Uptight Moms Don’t Like Schweddy Balls, Clearly Need Xanax to Calm Down


Of all the world’s problems, you’d think moms would focus their energies on, oh, improving literacy rates or fixing kids’ school lunches, but no. For mothers — at least those who belong to One Million Moms, a branch of the conservative Christian nonprofit organization American Family Association — the real problem in contemporary society is poorly named ice cream. Yep, they’ve taken aim at Ben & Jerry’s, stating that new flavor Schweddy Balls “has turned something as innocent as ice cream into something repulsive. Not exactly what you want a child asking for at the supermarket.”

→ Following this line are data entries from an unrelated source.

(* Let $M,N\in\mathbb{S}^{q+r}$. If there exist scalars $\alpha\ge 0$ and $\beta>0$ such that $M-\alpha N\ge\begin{bmatrix}\beta I_q&0\\0&0\end{bmatrix}$ ( * ), then $\mathcal{Z}_r(N)\subseteq\mathcal{Z}_r^+(M)$. Moreover, if $N\in\boldsymbol{\Pi}_{q,r}$, $M_{22}\le 0$, and $N$ has at least one positive eigenvalue, then $\mathcal{Z}_r(N)\subseteq\mathcal{Z}_r^+(M)$ if and only if there exist $\alpha\ge 0$ and $\beta>0$ such that ( * ) holds.
   Context: $\mathbb{S}^k$ denotes the real symmetric $k\times k$ matrices; for symmetric matrices, $A\ge 0$ ($A>0$) means positive semidefinite (definite), $A\le B$ means $B-A\ge0$. $A^\dagger$ is the Moore–Penrose pseudo-inverse. Any $\Pi\in\mathbb{S}^{q+r}$ (in particular $M,N$) is partitioned as $\Pi=\begin{bmatrix}\Pi_{11}&\Pi_{12}\\ \Pi_{21}&\Pi_{22}\end{bmatrix}$ with $\Pi_{11}\in\mathbb{S}^q$, $\Pi_{22}\in\mathbb{S}^r$. The generalized Schur complement is $\Pi\mid\Pi_{22}:=\Pi_{11}-\Pi_{12}\Pi_{22}^\dagger\Pi_{21}$. The set $\boldsymbol{\Pi}_{q,r}$ consists of all $\Pi\in\mathbb{S}^{q+r}$ with $\Pi_{22}\le 0$, $\Pi\mid\Pi_{22}\ge 0$ and $\ker\Pi_{22}\subseteq\ker\Pi_{12}$. Define $\mathcal{Z}_r(\Pi)=\{Z\in\mathbb{R}^{r\times q}:\begin{bmatrix}I_q\\ Z\end{bmatrix}^\top\Pi\begin{bmatrix}I_q\\ Z\end{bmatrix}\ge 0\}$ and $\mathcal{Z}_r^+(\Pi)$ the same with $>0$. *)

theory Defs
  imports "HOL-Analysis.Analysis"
begin

text \<open>Matrices in S^(q+r) are rendered as real^('q::finite+'r::finite)^('q+'r), with the
index set split as Inl (first q indices) and Inr (last r indices).\<close>

definition symm :: "real^'n^'n \<Rightarrow> bool" where
  "symm A \<longleftrightarrow> transpose A = A"

definition psd :: "real^'n^'n \<Rightarrow> bool" where
  "psd A \<longleftrightarrow> symm A \<and> (\<forall>x. 0 \<le> x \<bullet> (A *v x))"

definition pd :: "real^'n^'n \<Rightarrow> bool" where
  "pd A \<longleftrightarrow> symm A \<and> (\<forall>x. x \<noteq> 0 \<longrightarrow> 0 < x \<bullet> (A *v x))"

definition loewner_le :: "real^'n^'n \<Rightarrow> real^'n^'n \<Rightarrow> bool" where
  "loewner_le A B \<longleftrightarrow> psd (B - A)"

definition pinv :: "real^'n^'m \<Rightarrow> real^'m^'n" where
  "pinv A = (THE X. A ** X ** A = A \<and> X ** A ** X = X \<and>
                    transpose (A ** X) = A ** X \<and> transpose (X ** A) = X ** A)"

definition blk11 :: "real^('q::finite+'r::finite)^('q+'r) \<Rightarrow> real^'q^'q" where
  "blk11 P = (\<chi> i j. P $ Inl i $ Inl j)"
definition blk12 :: "real^('q::finite+'r::finite)^('q+'r) \<Rightarrow> real^'r^'q" where
  "blk12 P = (\<chi> i j. P $ Inl i $ Inr j)"
definition blk21 :: "real^('q::finite+'r::finite)^('q+'r) \<Rightarrow> real^'q^'r" where
  "blk21 P = (\<chi> i j. P $ Inr i $ Inl j)"
definition blk22 :: "real^('q::finite+'r::finite)^('q+'r) \<Rightarrow> real^'r^'r" where
  "blk22 P = (\<chi> i j. P $ Inr i $ Inr j)"

definition schur :: "real^('q::finite+'r::finite)^('q+'r) \<Rightarrow> real^'q^'q" where
  "schur P = blk11 P - blk12 P ** pinv (blk22 P) ** blk21 P"

definition PiSet :: "(real^('q::finite+'r::finite)^('q+'r)) set" where
  "PiSet = {P. symm P \<and> loewner_le (blk22 P) 0 \<and> psd (schur P) \<and>
              {x. blk22 P *v x = 0} \<subseteq> {x. blk12 P *v x = 0}}"

definition stackIZ :: "real^'q::finite^'r::finite \<Rightarrow> real^'q^('q+'r)" where
  "stackIZ Z = (\<chi> k j. case k of Inl i \<Rightarrow> (if i = j then 1 else 0) | Inr i \<Rightarrow> Z $ i $ j)"

definition Zset :: "real^('q::finite+'r::finite)^('q+'r) \<Rightarrow> (real^'q^'r) set" where
  "Zset P = {Z. psd (transpose (stackIZ Z) ** P ** stackIZ Z)}"

definition Zset_plus :: "real^('q::finite+'r::finite)^('q+'r) \<Rightarrow> (real^'q^'r) set" where
  "Zset_plus P = {Z. pd (transpose (stackIZ Z) ** P ** stackIZ Z)}"

definition betaI0 :: "real \<Rightarrow> real^('q::finite+'r::finite)^('q+'r)" where
  "betaI0 \<beta> = (\<chi> k l. case (k, l) of (Inl i, Inl j) \<Rightarrow> (if i = j then \<beta> else 0) | _ \<Rightarrow> 0)"

definition has_pos_eigenvalue :: "real^'n^'n \<Rightarrow> bool" where
  "has_pos_eigenvalue A \<longleftrightarrow> (\<exists>c v. c > 0 \<and> v \<noteq> 0 \<and> A *v v = c *\<^sub>R v)"

end

theory Submission
  imports Defs
begin

text \<open>Sufficiency is immediate: on the graph \<open>(x, Z x)\<close> of any \<open>Z \<in> Z\<^sub>r(N)\<close> the hypothesis gives
  \<open>w\<^sup>T M w \<ge> \<alpha> w\<^sup>T N w + \<beta> \<parallel>x\<parallel>\<^sup>2 \<ge> \<beta> \<parallel>x\<parallel>\<^sup>2\<close>.

  For necessity, with \<open>Z\<^sub>c = - N\<^sub>2\<^sub>2\<^sup>\<dagger> N\<^sub>2\<^sub>1\<close> the form of \<open>N\<close> splits as
  \<open>w\<^sup>T N w = x\<^sup>T (N | N\<^sub>2\<^sub>2) x + e\<^sup>T N\<^sub>2\<^sub>2 e\<close> with \<open>e = y - Z\<^sub>c x\<close>, a positive
  semidefinite plus a negative semidefinite part. Hence every \<open>w = (x, y)\<close> with \<open>x \<noteq> 0\<close> in the cone
  \<open>w\<^sup>T N w \<ge> 0\<close> lies on the graph of some \<open>Z \<in> Z\<^sub>r(N)\<close>, a rank-one update of \<open>Z\<^sub>c\<close>, so the
  inclusion makes \<open>w\<^sup>T M w\<close> positive on that cone. Both forms are blind to the directions
  \<open>(0, ker N\<^sub>2\<^sub>2)\<close>; modulo these the slice \<open>\<parallel>x\<parallel> = 1\<close> of the cone is compact, which makes the
  positivity uniform: \<open>w\<^sup>T M w \<ge> \<beta> \<parallel>x\<parallel>\<^sup>2\<close> on the cone. Since \<open>N\<close> takes a positive value, the
  S-lemma turns this implication between quadratic inequalities into \<open>M - \<beta> diag(I, 0) - \<alpha> N \<ge> 0\<close>.\<close>

section \<open>Quadratic forms\<close>

definition quad :: "real^'n^'n \<Rightarrow> real^'n \<Rightarrow> real" where
  "quad A x = x \<bullet> (A *v x)"

lemma matrix_vector_mult_uminus_left: "(- A) *v x = - (A *v (x::real^'n))"
  by (simp add: vec_eq_iff matrix_vector_mult_def sum_negf)

lemma inner_transpose_matrix: "(transpose A *v x) \<bullet> y = x \<bullet> ((A::real^'n^'m) *v y)"
  by (simp add: dot_lmul_matrix)

lemma symm_inner_commute: "symm A \<Longrightarrow> (A *v x) \<bullet> y = x \<bullet> ((A::real^'n^'n) *v y)"
  unfolding symm_def by (metis inner_transpose_matrix)

lemma symmI_inner:
  assumes "\<And>x y. (A *v x) \<bullet> y = x \<bullet> ((A::real^'n^'n) *v y)"
  shows "symm A"
proof -
  have "transpose A *v x = A *v x" for x
    by (metis assms inner_transpose_matrix vector_eq_rdot)
  then show ?thesis unfolding symm_def by (simp add: matrix_eq)
qed

lemma symm_diff: "symm A \<Longrightarrow> symm B \<Longrightarrow> symm (A - B)"
  and symm_scaleR: "symm A \<Longrightarrow> symm (c *\<^sub>R A)"
  by (auto simp: symm_def transpose_def vec_eq_iff)

lemma symm_sandwich: "symm A \<Longrightarrow> symm (transpose S ** A ** S)"
  unfolding symm_def by (simp add: matrix_transpose_mul matrix_mul_assoc)

lemma psd_iff_quad: "psd A \<longleftrightarrow> symm A \<and> (\<forall>x. 0 \<le> quad A x)"
  by (simp add: psd_def quad_def)

lemma pd_iff_quad: "pd A \<longleftrightarrow> symm A \<and> (\<forall>x. x \<noteq> 0 \<longrightarrow> 0 < quad A x)"
  by (simp add: pd_def quad_def)

lemma quad_diff_matrix: "quad (A - B) x = quad A x - quad B x"
  and quad_scaleR_matrix: "quad (c *\<^sub>R A) x = c * quad A x"
  and quad_uminus_matrix: "quad (- A) x = - quad A x"
  by (simp_all add: quad_def matrix_vector_mult_diff_rdistrib inner_diff_right
      scaleR_matrix_vector_assoc[symmetric] matrix_vector_mult_uminus_left)

lemma quad_scaleR: "quad A (c *\<^sub>R x) = c\<^sup>2 * quad A x"
  by (simp add: quad_def matrix_vector_mult_scaleR power2_eq_square)

lemma quad_add_scaleR:
  "quad A (u + t *\<^sub>R v) = quad A u + t * (u \<bullet> (A *v v) + v \<bullet> (A *v u)) + t\<^sup>2 * quad A v"
  by (simp add: quad_def matrix_vector_right_distrib matrix_vector_mult_scaleR inner_add_left
      inner_add_right algebra_simps power2_eq_square)

lemma quad_add_symm:
  assumes "symm A"
  shows "quad A (u + v) = quad A u + 2 * (u \<bullet> (A *v v)) + quad A v"
  using quad_add_scaleR[of A u 1 v] symm_inner_commute[OF assms, of v u]
  by (simp add: inner_commute)

lemma quad_add_kernel:
  assumes "symm A" "A *v z = 0"
  shows "quad A (w + z) = quad A w"
  using assms symm_inner_commute[OF assms(1), of z w]
  by (simp add: quad_def matrix_vector_right_distrib inner_add_left inner_add_right)

lemma quad_sandwich: "quad (transpose S ** A ** S) x = quad A (S *v x)"
  unfolding quad_def matrix_vector_mul_assoc[symmetric]
  by (metis inner_commute inner_transpose_matrix)

lemma continuous_on_quad: "continuous_on X (quad A)"
  unfolding quad_def
  by (intro continuous_on_inner continuous_on_id matrix_vector_mult_linear_continuous_on)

The full manifesto can be read on the One Million Moms website, and you’ll see that the group is particularly opposed to both humor and liberal values. As they note, “In the past, Ben & Jerry’s has released controversial ice creams, like a special edition of Chubby Hubby called Hubby Hubby last year which celebrated gay marriage. It seems that offending customers has become an annual tradition for Ben & Jerry’s.”

Seriously, people. It’s. Just. Ice. Cream. Take a Xanax and try to focus on the positives here. You say, “Not exactly what you want a child asking for at the supermarket.” For God’s sake, you should be happy that your offspring is still talking to you before he gets all sullen and starts smoking pot err, demanding Magic Brownies flavor ice cream.